▶ Your task: Locate the line bearing "m = density" in the material below, then reproduce it and each following line up to and including the line bearing "(\<lambda>i. if i".

▶ Information supplied:
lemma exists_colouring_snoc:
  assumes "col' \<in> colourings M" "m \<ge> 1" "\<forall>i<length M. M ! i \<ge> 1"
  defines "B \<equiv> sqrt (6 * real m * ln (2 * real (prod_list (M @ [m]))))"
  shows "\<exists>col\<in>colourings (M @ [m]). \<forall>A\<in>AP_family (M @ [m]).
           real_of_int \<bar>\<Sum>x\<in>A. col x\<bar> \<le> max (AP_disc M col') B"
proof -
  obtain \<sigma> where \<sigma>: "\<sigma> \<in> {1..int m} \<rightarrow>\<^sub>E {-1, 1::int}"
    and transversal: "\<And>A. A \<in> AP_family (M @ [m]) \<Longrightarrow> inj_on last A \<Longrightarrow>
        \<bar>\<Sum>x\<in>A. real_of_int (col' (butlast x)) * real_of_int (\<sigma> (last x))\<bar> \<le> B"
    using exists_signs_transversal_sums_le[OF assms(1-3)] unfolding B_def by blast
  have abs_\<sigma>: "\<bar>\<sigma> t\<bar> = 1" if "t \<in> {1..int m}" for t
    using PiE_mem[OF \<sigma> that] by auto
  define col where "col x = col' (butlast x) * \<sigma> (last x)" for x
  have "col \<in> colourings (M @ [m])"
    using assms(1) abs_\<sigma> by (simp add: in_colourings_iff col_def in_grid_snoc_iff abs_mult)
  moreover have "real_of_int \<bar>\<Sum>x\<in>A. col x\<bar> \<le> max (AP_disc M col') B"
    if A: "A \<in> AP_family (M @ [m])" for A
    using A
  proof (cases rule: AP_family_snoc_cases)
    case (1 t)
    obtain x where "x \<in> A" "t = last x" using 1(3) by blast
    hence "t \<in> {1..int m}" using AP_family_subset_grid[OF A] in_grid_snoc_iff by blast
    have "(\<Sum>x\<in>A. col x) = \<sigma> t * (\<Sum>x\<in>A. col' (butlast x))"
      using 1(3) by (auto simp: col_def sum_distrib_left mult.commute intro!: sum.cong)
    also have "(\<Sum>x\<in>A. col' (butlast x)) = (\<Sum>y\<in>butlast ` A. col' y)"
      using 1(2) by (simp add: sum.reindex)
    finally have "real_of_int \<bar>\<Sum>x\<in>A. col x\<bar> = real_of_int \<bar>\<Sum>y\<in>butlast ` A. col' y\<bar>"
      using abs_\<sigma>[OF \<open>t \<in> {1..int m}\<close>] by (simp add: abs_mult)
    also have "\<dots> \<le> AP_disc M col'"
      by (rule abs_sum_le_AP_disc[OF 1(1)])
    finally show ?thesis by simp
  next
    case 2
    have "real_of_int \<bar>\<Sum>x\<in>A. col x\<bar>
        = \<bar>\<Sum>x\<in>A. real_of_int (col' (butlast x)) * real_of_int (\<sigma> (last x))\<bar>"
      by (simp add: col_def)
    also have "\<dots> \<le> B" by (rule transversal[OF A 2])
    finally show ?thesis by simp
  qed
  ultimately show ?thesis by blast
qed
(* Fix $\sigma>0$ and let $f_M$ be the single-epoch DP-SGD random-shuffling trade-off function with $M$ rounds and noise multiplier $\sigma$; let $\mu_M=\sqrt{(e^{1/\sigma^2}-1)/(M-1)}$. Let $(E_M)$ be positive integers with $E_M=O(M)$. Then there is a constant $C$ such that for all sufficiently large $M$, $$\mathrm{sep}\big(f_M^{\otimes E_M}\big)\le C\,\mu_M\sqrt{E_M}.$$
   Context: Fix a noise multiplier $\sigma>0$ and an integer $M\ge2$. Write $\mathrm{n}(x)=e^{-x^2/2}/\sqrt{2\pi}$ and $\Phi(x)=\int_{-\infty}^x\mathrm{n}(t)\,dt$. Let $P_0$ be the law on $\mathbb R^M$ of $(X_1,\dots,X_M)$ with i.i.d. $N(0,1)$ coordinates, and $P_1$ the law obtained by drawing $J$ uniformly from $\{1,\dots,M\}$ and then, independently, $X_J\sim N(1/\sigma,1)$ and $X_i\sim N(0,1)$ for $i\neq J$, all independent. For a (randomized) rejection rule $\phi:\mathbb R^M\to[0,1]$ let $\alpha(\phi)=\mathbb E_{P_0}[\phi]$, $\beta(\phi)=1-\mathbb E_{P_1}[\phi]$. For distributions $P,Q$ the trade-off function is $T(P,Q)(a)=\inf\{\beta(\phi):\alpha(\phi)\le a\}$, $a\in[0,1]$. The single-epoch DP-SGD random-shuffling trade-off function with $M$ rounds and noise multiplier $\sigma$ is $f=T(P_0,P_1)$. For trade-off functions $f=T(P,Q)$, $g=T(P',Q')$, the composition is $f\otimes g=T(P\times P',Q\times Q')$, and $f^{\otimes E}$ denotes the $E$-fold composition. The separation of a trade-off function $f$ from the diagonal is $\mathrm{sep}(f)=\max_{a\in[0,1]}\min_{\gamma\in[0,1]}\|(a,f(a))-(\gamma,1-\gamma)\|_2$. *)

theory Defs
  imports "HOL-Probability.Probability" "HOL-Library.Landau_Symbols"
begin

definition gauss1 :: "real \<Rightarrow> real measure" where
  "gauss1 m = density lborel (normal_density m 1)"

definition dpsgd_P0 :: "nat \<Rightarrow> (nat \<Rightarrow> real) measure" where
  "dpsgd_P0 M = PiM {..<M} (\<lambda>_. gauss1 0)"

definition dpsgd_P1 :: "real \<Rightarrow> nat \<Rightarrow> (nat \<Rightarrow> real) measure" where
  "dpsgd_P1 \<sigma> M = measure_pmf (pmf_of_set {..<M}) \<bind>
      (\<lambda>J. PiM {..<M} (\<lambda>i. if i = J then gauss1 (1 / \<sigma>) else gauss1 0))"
...
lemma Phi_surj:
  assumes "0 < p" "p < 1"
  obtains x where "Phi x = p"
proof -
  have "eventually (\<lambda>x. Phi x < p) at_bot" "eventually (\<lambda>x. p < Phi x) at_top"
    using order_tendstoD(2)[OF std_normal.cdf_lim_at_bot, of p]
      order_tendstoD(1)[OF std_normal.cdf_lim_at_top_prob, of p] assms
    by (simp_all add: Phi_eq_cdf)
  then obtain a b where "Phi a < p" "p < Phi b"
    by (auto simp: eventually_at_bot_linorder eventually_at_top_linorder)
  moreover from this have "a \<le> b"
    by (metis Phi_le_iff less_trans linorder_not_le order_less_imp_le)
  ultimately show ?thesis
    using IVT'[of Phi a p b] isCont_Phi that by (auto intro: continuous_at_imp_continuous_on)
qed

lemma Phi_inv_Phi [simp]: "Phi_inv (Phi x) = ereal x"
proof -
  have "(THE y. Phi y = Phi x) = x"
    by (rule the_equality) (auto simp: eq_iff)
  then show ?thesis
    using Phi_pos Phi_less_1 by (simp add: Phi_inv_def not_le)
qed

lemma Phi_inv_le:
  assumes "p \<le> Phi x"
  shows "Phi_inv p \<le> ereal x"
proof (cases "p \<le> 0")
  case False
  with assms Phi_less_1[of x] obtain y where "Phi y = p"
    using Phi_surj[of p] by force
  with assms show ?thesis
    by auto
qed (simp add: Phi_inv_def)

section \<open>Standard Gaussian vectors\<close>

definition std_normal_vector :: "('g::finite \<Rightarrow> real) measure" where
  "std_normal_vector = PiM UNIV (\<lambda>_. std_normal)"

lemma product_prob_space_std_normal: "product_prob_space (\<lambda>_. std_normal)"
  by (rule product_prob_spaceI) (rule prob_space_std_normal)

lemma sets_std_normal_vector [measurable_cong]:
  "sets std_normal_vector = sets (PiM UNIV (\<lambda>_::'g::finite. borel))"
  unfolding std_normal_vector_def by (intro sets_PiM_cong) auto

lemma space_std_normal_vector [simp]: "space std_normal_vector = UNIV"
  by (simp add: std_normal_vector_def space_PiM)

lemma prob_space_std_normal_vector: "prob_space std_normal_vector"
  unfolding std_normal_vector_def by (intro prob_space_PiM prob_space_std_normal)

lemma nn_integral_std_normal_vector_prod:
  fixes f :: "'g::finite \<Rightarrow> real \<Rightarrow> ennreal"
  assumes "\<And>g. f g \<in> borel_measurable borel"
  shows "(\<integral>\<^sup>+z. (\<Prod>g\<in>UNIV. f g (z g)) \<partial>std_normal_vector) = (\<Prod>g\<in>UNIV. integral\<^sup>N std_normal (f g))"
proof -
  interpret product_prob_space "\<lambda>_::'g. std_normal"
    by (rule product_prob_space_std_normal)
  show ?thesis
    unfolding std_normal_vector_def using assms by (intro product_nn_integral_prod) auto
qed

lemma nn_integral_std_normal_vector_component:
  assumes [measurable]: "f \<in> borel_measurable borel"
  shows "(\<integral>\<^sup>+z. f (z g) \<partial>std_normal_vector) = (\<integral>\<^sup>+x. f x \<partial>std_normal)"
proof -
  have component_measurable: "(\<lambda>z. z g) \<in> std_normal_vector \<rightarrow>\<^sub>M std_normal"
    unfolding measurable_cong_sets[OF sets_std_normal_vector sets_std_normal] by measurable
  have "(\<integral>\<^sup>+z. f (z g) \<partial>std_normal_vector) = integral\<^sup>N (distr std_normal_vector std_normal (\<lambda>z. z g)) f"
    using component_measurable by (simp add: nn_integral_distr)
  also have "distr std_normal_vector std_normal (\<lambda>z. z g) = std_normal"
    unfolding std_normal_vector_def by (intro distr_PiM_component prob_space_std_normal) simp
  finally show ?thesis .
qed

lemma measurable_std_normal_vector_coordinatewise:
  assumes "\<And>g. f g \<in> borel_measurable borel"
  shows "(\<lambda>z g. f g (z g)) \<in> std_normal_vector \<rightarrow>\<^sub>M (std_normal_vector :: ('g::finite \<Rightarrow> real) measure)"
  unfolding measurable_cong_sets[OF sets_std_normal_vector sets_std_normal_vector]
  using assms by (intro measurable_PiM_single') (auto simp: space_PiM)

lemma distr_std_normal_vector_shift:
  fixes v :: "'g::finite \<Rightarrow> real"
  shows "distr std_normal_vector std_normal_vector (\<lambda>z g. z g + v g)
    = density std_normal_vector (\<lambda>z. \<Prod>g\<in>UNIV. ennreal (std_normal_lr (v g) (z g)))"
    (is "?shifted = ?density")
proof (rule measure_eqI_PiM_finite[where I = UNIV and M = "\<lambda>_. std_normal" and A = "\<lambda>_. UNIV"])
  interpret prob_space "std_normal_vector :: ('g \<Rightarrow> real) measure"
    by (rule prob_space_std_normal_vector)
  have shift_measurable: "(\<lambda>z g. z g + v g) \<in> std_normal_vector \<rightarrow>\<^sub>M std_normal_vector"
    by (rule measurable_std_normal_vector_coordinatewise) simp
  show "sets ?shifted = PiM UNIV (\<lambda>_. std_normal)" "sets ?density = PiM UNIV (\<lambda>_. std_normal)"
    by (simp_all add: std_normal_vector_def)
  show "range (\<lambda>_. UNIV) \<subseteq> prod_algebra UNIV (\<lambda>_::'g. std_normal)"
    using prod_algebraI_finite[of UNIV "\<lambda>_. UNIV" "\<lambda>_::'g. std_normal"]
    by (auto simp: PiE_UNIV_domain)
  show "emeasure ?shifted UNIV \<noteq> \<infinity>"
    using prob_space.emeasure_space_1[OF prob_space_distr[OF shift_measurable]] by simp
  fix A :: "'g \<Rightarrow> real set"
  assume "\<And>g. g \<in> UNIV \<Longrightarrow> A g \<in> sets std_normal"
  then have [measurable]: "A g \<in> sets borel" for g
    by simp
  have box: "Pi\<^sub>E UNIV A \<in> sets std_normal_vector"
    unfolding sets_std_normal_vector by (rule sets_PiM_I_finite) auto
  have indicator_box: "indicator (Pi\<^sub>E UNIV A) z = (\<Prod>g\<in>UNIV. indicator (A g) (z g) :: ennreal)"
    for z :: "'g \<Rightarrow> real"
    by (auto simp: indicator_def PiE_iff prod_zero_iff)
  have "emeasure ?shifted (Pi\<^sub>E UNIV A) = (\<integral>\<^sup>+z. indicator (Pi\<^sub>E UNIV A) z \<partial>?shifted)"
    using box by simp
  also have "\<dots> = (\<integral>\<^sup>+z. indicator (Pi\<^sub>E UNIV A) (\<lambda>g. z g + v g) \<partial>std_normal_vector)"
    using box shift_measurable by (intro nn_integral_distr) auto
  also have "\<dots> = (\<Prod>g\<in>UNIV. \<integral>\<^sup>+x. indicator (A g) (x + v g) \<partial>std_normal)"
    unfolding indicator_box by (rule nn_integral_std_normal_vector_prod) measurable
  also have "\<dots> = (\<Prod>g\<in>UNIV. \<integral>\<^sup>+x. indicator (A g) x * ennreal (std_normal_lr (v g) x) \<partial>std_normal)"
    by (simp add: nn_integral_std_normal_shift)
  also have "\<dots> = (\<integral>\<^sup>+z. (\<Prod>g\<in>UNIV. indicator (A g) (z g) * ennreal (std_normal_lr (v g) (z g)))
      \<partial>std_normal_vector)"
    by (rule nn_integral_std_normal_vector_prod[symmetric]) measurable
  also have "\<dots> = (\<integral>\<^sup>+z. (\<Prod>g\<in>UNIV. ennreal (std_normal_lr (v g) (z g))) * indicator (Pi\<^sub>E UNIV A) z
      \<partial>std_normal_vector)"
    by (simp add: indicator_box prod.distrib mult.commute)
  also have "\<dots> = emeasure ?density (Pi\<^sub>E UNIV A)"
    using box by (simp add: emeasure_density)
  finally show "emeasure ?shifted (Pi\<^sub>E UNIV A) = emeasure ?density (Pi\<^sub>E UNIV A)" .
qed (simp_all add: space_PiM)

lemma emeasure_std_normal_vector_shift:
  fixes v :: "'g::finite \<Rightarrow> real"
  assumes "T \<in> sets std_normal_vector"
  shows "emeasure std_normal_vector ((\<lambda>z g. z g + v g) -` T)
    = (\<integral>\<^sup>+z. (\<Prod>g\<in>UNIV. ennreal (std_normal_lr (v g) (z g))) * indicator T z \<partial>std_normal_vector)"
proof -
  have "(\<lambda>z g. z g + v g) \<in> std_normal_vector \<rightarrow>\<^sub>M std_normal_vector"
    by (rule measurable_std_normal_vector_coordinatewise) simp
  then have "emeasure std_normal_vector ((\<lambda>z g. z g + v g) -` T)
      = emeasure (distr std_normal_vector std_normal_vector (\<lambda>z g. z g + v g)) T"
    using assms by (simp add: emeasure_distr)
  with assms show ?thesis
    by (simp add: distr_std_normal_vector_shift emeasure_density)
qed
* * *
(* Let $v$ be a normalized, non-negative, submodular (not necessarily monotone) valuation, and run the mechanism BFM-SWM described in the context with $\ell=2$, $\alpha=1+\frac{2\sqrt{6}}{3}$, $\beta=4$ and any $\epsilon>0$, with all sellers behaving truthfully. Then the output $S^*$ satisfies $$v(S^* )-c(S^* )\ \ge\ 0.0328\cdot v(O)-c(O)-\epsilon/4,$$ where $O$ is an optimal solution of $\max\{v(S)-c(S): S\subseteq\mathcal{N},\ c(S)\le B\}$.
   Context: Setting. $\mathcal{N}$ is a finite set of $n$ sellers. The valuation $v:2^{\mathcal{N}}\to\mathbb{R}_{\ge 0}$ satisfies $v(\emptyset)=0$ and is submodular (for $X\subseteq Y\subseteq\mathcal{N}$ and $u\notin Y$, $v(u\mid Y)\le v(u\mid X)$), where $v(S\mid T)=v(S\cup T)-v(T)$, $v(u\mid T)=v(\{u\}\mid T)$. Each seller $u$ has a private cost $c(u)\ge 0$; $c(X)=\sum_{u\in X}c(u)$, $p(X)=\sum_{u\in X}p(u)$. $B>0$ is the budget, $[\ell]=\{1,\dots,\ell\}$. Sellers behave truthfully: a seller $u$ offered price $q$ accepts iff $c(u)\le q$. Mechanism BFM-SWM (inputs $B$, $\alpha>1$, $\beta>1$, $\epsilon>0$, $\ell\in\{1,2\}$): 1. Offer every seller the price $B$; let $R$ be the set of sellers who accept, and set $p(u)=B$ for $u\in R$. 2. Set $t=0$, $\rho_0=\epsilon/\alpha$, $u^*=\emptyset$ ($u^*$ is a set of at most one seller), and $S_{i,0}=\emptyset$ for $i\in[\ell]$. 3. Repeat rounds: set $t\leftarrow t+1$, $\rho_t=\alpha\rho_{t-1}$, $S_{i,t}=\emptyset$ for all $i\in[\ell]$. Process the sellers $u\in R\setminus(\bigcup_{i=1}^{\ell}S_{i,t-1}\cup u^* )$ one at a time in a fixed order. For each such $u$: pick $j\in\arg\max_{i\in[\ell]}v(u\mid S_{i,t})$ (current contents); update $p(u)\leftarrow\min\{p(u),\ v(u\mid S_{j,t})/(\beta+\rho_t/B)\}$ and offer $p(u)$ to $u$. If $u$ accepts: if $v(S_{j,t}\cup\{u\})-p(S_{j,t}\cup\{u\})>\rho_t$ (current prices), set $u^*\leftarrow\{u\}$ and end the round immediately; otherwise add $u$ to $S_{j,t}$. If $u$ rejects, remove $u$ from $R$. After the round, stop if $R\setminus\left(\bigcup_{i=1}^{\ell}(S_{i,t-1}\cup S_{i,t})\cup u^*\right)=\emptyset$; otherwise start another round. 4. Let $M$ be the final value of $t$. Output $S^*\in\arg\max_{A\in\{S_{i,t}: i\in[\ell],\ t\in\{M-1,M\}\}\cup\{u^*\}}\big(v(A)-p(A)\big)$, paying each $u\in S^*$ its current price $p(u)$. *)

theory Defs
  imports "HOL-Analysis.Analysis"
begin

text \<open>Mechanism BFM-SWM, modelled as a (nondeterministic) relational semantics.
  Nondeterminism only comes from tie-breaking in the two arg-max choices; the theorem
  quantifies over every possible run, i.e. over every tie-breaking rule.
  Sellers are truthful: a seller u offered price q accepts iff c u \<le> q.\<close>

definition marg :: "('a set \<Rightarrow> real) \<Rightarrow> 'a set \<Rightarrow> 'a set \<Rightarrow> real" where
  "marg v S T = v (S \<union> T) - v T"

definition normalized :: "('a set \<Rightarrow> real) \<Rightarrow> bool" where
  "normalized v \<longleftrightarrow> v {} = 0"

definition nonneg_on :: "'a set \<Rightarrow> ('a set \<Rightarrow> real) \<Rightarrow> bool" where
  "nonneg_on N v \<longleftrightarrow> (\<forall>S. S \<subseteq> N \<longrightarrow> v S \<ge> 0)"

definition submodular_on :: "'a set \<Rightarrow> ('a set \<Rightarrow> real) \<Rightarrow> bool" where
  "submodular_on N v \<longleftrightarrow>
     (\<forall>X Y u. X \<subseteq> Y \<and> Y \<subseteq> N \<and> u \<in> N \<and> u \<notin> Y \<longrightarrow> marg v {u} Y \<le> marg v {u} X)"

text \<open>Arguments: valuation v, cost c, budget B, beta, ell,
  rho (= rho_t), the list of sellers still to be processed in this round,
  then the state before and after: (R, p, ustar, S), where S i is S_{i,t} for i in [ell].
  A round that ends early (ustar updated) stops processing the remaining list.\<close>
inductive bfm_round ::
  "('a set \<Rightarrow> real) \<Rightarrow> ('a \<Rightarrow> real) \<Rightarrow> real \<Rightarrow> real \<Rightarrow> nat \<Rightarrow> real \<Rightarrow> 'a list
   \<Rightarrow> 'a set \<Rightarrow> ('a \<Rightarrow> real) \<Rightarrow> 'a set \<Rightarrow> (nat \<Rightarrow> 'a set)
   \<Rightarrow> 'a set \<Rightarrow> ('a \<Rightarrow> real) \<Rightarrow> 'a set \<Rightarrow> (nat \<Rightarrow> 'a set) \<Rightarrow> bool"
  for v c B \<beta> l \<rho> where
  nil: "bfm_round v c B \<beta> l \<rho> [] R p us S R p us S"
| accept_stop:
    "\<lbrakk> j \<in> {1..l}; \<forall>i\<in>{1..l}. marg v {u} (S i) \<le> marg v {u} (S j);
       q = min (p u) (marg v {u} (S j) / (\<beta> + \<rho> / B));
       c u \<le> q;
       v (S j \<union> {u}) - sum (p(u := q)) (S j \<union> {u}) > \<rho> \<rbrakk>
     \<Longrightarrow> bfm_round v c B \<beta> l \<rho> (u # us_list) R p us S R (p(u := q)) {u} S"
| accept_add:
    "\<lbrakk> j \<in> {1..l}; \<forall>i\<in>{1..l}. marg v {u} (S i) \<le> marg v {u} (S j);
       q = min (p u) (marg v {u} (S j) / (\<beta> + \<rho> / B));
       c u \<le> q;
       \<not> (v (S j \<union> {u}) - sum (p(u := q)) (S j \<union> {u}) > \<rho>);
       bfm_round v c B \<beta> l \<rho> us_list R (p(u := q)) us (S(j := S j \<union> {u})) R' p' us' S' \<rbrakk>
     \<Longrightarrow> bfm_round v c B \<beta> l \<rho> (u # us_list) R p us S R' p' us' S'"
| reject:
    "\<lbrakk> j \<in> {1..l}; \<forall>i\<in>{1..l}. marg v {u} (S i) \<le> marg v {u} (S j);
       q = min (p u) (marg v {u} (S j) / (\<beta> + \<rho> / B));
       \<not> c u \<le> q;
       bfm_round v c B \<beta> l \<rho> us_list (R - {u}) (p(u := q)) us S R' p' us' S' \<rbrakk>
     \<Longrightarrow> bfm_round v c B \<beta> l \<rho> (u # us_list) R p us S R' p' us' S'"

▶ Solution:
  "gauss1 m = density lborel (normal_density m 1)"

definition dpsgd_P0 :: "nat \<Rightarrow> (nat \<Rightarrow> real) measure" where
  "dpsgd_P0 M = PiM {..<M} (\<lambda>_. gauss1 0)"

definition dpsgd_P1 :: "real \<Rightarrow> nat \<Rightarrow> (nat \<Rightarrow> real) measure" where
  "dpsgd_P1 \<sigma> M = measure_pmf (pmf_of_set {..<M}) \<bind>
      (\<lambda>J. PiM {..<M} (\<lambda>i. if i = J then gauss1 (1 / \<sigma>) else gauss1 0))"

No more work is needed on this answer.